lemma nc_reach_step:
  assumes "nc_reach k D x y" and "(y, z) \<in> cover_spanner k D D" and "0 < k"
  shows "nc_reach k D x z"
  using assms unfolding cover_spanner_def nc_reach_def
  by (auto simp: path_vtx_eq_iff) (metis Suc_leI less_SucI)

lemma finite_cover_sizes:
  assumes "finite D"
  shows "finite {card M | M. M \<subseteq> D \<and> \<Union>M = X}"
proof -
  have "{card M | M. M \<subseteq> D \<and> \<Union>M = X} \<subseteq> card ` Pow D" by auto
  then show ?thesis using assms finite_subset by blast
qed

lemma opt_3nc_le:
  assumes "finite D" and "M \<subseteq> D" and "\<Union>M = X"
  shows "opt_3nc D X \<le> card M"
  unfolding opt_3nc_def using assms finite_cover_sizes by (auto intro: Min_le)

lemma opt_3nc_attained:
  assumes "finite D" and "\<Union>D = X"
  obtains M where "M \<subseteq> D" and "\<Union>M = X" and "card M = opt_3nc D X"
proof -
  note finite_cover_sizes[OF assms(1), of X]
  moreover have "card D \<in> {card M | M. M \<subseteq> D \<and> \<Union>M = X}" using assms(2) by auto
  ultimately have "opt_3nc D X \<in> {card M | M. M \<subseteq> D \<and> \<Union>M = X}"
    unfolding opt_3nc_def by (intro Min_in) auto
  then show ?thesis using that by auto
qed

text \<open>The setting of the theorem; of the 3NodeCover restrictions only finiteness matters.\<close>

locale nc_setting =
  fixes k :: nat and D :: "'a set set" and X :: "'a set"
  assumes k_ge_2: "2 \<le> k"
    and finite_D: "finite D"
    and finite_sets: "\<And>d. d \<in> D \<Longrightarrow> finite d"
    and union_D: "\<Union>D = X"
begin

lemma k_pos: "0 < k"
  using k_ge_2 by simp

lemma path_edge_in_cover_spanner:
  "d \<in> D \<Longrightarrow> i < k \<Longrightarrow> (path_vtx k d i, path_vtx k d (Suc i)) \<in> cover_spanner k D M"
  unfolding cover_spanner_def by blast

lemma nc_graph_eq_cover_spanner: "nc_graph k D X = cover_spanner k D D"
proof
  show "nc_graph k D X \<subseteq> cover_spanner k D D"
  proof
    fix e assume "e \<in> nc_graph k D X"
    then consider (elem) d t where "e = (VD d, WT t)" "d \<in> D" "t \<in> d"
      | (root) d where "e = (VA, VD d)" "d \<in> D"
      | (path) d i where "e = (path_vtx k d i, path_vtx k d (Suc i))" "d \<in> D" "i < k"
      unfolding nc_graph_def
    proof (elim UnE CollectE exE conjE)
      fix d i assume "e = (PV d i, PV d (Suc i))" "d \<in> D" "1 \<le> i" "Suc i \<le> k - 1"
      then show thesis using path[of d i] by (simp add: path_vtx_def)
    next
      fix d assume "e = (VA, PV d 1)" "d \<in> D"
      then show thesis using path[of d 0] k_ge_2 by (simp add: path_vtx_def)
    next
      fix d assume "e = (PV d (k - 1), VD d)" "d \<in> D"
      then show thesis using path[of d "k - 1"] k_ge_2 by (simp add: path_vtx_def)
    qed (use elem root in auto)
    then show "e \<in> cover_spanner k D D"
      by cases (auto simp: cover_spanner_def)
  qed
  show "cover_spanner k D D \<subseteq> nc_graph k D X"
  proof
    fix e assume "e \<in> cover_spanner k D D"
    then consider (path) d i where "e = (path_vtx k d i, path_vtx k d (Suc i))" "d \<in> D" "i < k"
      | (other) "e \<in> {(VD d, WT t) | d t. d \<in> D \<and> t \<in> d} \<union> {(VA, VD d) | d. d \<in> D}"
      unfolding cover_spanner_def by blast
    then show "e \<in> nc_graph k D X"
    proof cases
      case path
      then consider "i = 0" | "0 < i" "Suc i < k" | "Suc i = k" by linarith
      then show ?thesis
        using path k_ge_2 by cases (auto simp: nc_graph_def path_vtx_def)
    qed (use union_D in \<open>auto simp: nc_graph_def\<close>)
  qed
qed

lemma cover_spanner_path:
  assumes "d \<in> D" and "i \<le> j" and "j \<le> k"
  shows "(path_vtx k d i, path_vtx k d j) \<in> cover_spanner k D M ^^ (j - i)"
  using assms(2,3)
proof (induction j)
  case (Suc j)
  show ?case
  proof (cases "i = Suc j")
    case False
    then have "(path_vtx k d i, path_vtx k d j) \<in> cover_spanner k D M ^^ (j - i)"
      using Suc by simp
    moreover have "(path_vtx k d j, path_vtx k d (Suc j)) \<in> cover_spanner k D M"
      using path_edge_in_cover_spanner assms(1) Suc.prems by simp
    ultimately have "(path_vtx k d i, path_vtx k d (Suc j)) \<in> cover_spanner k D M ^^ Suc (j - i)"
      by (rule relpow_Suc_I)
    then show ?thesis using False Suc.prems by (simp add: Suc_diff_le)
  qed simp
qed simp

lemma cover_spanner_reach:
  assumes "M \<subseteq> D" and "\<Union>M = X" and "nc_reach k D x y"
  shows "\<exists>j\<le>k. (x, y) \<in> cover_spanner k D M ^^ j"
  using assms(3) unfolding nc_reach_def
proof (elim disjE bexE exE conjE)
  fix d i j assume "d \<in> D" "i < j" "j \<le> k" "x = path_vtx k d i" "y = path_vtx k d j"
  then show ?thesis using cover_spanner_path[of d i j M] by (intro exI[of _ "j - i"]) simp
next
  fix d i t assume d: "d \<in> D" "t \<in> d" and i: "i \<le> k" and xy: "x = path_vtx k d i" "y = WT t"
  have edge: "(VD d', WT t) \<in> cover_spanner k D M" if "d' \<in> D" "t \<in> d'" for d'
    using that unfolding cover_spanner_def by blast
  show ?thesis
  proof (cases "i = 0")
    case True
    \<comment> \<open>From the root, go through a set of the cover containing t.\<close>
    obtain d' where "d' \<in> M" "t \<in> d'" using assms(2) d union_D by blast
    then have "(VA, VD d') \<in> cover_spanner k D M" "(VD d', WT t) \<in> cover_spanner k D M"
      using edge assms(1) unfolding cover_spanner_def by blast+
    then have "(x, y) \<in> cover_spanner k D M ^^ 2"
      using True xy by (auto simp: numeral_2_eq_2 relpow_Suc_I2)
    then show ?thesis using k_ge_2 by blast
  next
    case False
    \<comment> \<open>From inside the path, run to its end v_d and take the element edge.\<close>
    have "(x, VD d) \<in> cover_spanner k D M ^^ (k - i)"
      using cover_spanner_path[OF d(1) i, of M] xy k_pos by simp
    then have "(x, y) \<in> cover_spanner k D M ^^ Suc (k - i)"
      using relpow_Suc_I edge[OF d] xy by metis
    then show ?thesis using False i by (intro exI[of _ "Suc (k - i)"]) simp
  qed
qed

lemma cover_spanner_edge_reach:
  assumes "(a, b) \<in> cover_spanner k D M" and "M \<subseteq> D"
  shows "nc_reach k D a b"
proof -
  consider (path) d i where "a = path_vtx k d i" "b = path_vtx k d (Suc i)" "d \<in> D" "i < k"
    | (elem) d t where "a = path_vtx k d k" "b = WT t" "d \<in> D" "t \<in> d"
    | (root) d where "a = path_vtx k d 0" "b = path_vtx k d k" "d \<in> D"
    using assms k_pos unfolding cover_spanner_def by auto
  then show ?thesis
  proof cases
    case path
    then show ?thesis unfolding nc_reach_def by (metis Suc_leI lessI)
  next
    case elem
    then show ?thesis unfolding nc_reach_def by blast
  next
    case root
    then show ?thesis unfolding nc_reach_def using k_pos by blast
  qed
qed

━━━

### Task brief
An accurate, complete transcription of the records above is needed.

### Answer box
lemma nc_reach_step:
  assumes "nc_reach k D x y" and "(y, z) \<in> cover_spanner k D D" and "0 < k"
  shows "nc_reach k D x z"
  using assms unfolding cover_spanner_def nc_reach_def
  by (auto simp: path_vtx_eq_iff) (metis Suc_leI less_SucI)

lemma finite_cover_sizes:
  assumes "finite D"
  shows "finite {card M | M. M \<subseteq> D \<and> \<Union>M = X}"
proof -
  have "{card M | M. M \<subseteq> D \<and> \<Union>M = X} \<subseteq> card ` Pow D" by auto
  then show ?thesis using assms finite_subset by blast
qed

lemma opt_3nc_le:
  assumes "finite D" and "M \<subseteq> D" and "\<Union>M = X"
  shows "opt_3nc D X \<le> card M"
  unfolding opt_3nc_def using assms finite_cover_sizes by (auto intro: Min_le)

lemma opt_3nc_attained:
  assumes "finite D" and "\<Union>D = X"
  obtains M where "M \<subseteq> D" and "\<Union>M = X" and "card M = opt_3nc D X"
proof -
  note finite_cover_sizes[OF assms(1), of X]
  moreover have "card D \<in> {card M | M. M \<subseteq> D \<and> \<Union>M = X}" using assms(2) by auto
  ultimately have "opt_3nc D X \<in> {card M | M. M \<subseteq> D \<and> \<Union>M = X}"
    unfolding opt_3nc_def by (intro Min_in) auto
  then show ?thesis using that by auto
qed

text \<open>The setting of the theorem; of the 3NodeCover restrictions only finiteness matters.\<close>

locale nc_setting =
  fixes k :: nat and D :: "'a set set" and X :: "'a set"
  assumes k_ge_2: "2 \<le> k"
    and finite_D: "finite D"
    and finite_sets: "\<And>d. d \<in> D \<Longrightarrow> finite d"
    and union_D: "\<Union>D = X"
begin

lemma k_pos: "0 < k"
  using k_ge_2 by simp

lemma path_edge_in_cover_spanner:
  "d \<in> D \<Longrightarrow> i < k \<Longrightarrow> (path_vtx k d i, path_vtx k d (Suc i)) \<in> cover_spanner k D M"
  unfolding cover_spanner_def by blast

lemma nc_graph_eq_cover_spanner: "nc_graph k D X = cover_spanner k D D"
proof
  show "nc_graph k D X \<subseteq> cover_spanner k D D"
  proof
    fix e assume "e \<in> nc_graph k D X"
    then consider (elem) d t where "e = (VD d, WT t)" "d \<in> D" "t \<in> d"
      | (root) d where "e = (VA, VD d)" "d \<in> D"
      | (path) d i where "e = (path_vtx k d i, path_vtx k d (Suc i))" "d \<in> D" "i < k"
      unfolding nc_graph_def
    proof (elim UnE CollectE exE conjE)
      fix d i assume "e = (PV d i, PV d (Suc i))" "d \<in> D" "1 \<le> i" "Suc i \<le> k - 1"
      then show thesis using path[of d i] by (simp add: path_vtx_def)
    next
      fix d assume "e = (VA, PV d 1)" "d \<in> D"
      then show thesis using path[of d 0] k_ge_2 by (simp add: path_vtx_def)
    next
      fix d assume "e = (PV d (k - 1), VD d)" "d \<in> D"
      then show thesis using path[of d "k - 1"] k_ge_2 by (simp add: path_vtx_def)
    qed (use elem root in auto)
    then show "e \<in> cover_spanner k D D"
      by cases (auto simp: cover_spanner_def)
  qed
  show "cover_spanner k D D \<subseteq> nc_graph k D X"
  proof
    fix e assume "e \<in> cover_spanner k D D"
    then consider (path) d i where "e = (path_vtx k d i, path_vtx k d (Suc i))" "d \<in> D" "i < k"
      | (other) "e \<in> {(VD d, WT t) | d t. d \<in> D \<and> t \<in> d} \<union> {(VA, VD d) | d. d \<in> D}"
      unfolding cover_spanner_def by blast
    then show "e \<in> nc_graph k D X"
    proof cases
      case path
      then consider "i = 0" | "0 < i" "Suc i < k" | "Suc i = k" by linarith
      then show ?thesis
        using path k_ge_2 by cases (auto simp: nc_graph_def path_vtx_def)
    qed (use union_D in \<open>auto simp: nc_graph_def\<close>)
  qed
qed

lemma cover_spanner_path:
  assumes "d \<in> D" and "i \<le> j" and "j \<le> k"
  shows "(path_vtx k d i, path_vtx k d j) \<in> cover_spanner k D M ^^ (j - i)"
  using assms(2,3)
proof (induction j)
  case (Suc j)
  show ?case
  proof (cases "i = Suc j")
    case False
    then have "(path_vtx k d i, path_vtx k d j) \<in> cover_spanner k D M ^^ (j - i)"
      using Suc by simp
    moreover have "(path_vtx k d j, path_vtx k d (Suc j)) \<in> cover_spanner k D M"
      using path_edge_in_cover_spanner assms(1) Suc.prems by simp
    ultimately have "(path_vtx k d i, path_vtx k d (Suc j)) \<in> cover_spanner k D M ^^ Suc (j - i)"
      by (rule relpow_Suc_I)
    then show ?thesis using False Suc.prems by (simp add: Suc_diff_le)
  qed simp
qed simp

lemma cover_spanner_reach:
  assumes "M \<subseteq> D" and "\<Union>M = X" and "nc_reach k D x y"
  shows "\<exists>j\<le>k. (x, y) \<in> cover_spanner k D M ^^ j"
  using assms(3) unfolding nc_reach_def
proof (elim disjE bexE exE conjE)
  fix d i j assume "d \<in> D" "i < j" "j \<le> k" "x = path_vtx k d i" "y = path_vtx k d j"
  then show ?thesis using cover_spanner_path[of d i j M] by (intro exI[of _ "j - i"]) simp
next
  fix d i t assume d: "d \<in> D" "t \<in> d" and i: "i \<le> k" and xy: "x = path_vtx k d i" "y = WT t"
  have edge: "(VD d', WT t) \<in> cover_spanner k D M" if "d' \<in> D" "t \<in> d'" for d'
    using that unfolding cover_spanner_def by blast
  show ?thesis
  proof (cases "i = 0")
    case True
    \<comment> \<open>From the root, go through a set of the cover containing t.\<close>
    obtain d' where "d' \<in> M" "t \<in> d'" using assms(2) d union_D by blast
    then have "(VA, VD d') \<in> cover_spanner k D M" "(VD d', WT t) \<in> cover_spanner k D M"
      using edge assms(1) unfolding cover_spanner_def by blast+
    then have "(x, y) \<in> cover_spanner k D M ^^ 2"
      using True xy by (auto simp: numeral_2_eq_2 relpow_Suc_I2)
    then show ?thesis using k_ge_2 by blast
  next
    case False
    \<comment> \<open>From inside the path, run to its end v_d and take the element edge.\<close>
    have "(x, VD d) \<in> cover_spanner k D M ^^ (k - i)"
      using cover_spanner_path[OF d(1) i, of M] xy k_pos by simp
    then have "(x, y) \<in> cover_spanner k D M ^^ Suc (k - i)"
      using relpow_Suc_I edge[OF d] xy by metis
    then show ?thesis using False i by (intro exI[of _ "Suc (k - i)"]) simp
  qed
qed

lemma cover_spanner_edge_reach:
  assumes "(a, b) \<in> cover_spanner k D M" and "M \<subseteq> D"
  shows "nc_reach k D a b"
proof -
  consider (path) d i where "a = path_vtx k d i" "b = path_vtx k d (Suc i)" "d \<in> D" "i < k"
    | (elem) d t where "a = path_vtx k d k" "b = WT t" "d \<in> D" "t \<in> d"
    | (root) d where "a = path_vtx k d 0" "b = path_vtx k d k" "d \<in> D"
    using assms k_pos unfolding cover_spanner_def by auto
  then show ?thesis
  proof cases
    case path
    then show ?thesis unfolding nc_reach_def by (metis Suc_leI lessI)
  next
    case elem
    then show ?thesis unfolding nc_reach_def by blast
  next
    case root
    then show ?thesis unfolding nc_reach_def using k_pos by blast
  qed
qed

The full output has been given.